SUPPLIED MATERIAL:
⟨

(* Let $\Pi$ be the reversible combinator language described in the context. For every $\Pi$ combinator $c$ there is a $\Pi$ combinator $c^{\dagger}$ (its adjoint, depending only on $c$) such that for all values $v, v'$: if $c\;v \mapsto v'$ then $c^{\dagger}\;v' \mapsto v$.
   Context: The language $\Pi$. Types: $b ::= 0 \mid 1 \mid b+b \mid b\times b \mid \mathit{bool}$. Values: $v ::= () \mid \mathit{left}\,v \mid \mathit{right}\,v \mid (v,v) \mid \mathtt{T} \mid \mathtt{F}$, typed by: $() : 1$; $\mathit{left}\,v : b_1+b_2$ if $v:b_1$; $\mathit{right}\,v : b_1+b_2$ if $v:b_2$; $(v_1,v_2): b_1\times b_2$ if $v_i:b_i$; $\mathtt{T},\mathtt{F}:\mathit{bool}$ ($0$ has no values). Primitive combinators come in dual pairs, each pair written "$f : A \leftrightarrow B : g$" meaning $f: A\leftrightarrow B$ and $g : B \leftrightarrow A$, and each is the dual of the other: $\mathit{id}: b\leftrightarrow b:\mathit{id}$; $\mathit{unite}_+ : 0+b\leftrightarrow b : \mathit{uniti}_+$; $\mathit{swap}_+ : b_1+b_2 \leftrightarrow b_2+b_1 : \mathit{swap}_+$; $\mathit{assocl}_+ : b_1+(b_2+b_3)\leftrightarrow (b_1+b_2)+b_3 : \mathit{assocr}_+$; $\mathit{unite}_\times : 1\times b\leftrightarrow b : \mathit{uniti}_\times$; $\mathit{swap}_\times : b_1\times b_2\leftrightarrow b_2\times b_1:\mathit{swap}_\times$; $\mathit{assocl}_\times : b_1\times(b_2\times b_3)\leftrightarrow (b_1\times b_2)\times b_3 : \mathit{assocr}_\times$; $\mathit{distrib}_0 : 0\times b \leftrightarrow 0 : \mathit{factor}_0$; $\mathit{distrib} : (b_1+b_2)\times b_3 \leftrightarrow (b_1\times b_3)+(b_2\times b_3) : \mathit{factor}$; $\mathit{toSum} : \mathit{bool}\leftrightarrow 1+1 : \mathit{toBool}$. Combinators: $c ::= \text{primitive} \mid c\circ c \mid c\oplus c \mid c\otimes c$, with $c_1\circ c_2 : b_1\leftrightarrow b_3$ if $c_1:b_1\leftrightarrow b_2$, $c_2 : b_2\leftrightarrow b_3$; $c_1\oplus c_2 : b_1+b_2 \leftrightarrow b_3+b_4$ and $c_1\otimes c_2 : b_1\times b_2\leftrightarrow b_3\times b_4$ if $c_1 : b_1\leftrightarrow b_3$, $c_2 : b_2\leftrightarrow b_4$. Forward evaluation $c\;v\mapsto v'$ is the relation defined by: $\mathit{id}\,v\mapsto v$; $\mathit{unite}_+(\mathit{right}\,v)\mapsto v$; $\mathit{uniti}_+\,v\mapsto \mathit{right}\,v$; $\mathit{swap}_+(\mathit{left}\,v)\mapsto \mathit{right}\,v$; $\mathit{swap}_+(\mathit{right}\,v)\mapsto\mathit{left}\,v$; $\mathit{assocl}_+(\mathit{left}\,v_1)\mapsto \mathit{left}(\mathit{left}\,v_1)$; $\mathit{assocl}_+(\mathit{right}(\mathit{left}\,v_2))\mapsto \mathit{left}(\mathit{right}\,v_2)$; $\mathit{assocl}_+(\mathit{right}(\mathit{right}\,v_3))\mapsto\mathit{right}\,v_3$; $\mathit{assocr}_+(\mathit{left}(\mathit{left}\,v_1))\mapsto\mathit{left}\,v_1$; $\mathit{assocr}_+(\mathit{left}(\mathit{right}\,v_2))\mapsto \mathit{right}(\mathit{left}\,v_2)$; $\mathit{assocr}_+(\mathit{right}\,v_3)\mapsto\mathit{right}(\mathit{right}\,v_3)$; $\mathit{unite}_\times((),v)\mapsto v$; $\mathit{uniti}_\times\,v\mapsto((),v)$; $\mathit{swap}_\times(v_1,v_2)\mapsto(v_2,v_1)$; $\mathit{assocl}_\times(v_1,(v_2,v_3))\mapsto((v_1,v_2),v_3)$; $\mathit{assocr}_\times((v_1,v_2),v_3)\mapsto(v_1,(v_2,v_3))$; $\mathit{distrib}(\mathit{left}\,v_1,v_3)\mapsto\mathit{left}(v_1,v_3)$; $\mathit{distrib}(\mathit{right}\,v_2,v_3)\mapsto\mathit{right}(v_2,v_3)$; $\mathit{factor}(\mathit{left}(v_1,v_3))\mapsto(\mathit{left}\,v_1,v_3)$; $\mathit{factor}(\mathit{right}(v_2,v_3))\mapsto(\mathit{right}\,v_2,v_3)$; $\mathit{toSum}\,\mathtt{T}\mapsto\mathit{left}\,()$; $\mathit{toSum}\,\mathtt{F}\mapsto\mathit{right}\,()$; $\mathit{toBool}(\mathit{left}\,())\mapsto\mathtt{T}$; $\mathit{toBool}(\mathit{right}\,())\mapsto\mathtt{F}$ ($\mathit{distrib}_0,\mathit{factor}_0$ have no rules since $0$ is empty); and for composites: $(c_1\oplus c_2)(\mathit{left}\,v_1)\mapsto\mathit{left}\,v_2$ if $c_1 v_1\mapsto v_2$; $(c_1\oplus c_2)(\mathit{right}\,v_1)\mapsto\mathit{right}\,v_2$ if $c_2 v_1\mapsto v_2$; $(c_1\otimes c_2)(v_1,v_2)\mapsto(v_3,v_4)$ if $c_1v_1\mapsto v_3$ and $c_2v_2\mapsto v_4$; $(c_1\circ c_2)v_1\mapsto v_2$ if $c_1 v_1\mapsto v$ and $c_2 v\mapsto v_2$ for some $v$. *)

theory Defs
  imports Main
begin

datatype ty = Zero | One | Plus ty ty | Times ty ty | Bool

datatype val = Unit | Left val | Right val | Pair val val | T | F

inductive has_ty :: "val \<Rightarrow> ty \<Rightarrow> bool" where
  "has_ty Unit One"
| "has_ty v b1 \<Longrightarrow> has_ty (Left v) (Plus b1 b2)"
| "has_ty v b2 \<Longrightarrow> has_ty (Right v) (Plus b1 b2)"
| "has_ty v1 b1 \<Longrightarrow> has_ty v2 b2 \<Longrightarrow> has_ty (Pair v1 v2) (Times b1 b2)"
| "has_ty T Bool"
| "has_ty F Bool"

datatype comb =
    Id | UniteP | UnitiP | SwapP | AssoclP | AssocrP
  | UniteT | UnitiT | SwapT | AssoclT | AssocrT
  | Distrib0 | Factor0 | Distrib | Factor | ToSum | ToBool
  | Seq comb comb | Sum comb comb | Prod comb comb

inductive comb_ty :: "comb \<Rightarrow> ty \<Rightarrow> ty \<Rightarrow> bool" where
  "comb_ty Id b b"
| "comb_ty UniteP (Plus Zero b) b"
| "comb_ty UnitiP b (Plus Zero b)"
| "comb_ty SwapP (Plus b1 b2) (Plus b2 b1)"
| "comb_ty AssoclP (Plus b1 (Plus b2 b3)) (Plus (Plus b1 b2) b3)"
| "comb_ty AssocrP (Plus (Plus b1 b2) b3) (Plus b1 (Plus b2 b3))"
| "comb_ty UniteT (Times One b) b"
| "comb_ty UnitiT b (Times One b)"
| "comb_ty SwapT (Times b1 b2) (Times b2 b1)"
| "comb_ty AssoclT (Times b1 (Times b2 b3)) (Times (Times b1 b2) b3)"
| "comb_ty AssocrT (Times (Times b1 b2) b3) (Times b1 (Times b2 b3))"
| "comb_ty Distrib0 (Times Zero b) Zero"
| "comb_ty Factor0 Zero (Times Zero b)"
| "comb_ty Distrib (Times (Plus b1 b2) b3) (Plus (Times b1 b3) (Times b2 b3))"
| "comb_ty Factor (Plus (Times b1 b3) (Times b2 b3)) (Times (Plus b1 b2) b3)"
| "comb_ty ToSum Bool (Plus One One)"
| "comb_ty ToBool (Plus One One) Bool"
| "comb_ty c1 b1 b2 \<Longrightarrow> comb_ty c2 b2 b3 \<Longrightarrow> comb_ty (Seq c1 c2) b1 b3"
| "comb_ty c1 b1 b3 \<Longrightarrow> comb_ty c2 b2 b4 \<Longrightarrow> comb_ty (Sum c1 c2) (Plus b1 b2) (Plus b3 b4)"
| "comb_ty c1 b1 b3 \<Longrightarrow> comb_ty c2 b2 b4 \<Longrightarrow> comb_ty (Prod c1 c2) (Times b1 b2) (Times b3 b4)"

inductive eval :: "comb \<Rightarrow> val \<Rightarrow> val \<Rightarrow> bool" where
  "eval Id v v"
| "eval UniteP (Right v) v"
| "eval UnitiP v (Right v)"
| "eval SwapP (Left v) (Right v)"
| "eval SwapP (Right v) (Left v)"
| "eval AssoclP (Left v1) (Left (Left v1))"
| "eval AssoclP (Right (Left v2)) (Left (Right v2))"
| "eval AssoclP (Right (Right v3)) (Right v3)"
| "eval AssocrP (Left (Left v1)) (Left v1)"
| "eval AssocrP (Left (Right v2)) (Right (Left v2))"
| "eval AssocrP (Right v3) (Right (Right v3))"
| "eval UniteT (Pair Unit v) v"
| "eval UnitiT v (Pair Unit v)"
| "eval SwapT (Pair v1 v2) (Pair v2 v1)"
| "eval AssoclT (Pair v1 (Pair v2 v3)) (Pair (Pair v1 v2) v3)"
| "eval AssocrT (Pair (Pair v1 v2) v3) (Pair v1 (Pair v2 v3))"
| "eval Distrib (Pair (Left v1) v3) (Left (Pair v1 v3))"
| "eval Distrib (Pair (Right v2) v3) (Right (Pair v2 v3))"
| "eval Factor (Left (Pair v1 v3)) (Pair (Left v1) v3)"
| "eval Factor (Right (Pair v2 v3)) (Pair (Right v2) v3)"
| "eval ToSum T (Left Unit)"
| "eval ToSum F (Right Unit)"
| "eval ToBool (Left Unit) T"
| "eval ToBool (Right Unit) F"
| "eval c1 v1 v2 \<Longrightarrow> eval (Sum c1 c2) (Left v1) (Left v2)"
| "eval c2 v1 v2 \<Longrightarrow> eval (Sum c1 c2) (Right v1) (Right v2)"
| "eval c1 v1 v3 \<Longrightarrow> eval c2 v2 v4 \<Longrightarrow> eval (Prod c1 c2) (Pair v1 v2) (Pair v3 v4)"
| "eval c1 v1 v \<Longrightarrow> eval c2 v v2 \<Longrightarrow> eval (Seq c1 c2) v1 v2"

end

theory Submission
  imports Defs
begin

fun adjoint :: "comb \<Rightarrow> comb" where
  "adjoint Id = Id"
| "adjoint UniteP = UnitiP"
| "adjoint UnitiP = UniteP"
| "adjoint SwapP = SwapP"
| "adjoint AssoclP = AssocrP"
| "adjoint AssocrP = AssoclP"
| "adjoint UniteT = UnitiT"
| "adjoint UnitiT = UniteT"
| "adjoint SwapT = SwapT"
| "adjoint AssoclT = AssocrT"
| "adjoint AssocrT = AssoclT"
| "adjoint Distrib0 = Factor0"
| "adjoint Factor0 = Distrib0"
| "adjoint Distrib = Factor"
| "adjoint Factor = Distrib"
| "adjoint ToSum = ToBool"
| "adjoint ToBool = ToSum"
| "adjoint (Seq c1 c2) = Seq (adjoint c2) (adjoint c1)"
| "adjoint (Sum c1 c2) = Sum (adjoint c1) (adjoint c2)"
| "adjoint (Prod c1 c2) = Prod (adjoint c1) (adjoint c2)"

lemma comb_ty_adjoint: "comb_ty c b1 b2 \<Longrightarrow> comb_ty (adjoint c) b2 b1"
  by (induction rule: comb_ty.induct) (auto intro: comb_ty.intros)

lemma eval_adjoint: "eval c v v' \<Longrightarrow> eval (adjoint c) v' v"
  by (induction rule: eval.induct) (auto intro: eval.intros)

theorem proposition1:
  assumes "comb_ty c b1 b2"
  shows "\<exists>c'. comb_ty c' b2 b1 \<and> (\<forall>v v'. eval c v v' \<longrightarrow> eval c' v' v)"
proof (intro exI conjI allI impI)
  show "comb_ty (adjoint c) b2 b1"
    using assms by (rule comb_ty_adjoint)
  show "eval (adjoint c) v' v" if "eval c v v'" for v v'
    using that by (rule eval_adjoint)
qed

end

⟩

WORK TASK:
Work through the material and count the lines containing "Zero". Answer with the number alone.

EXPECTED ANSWER:
5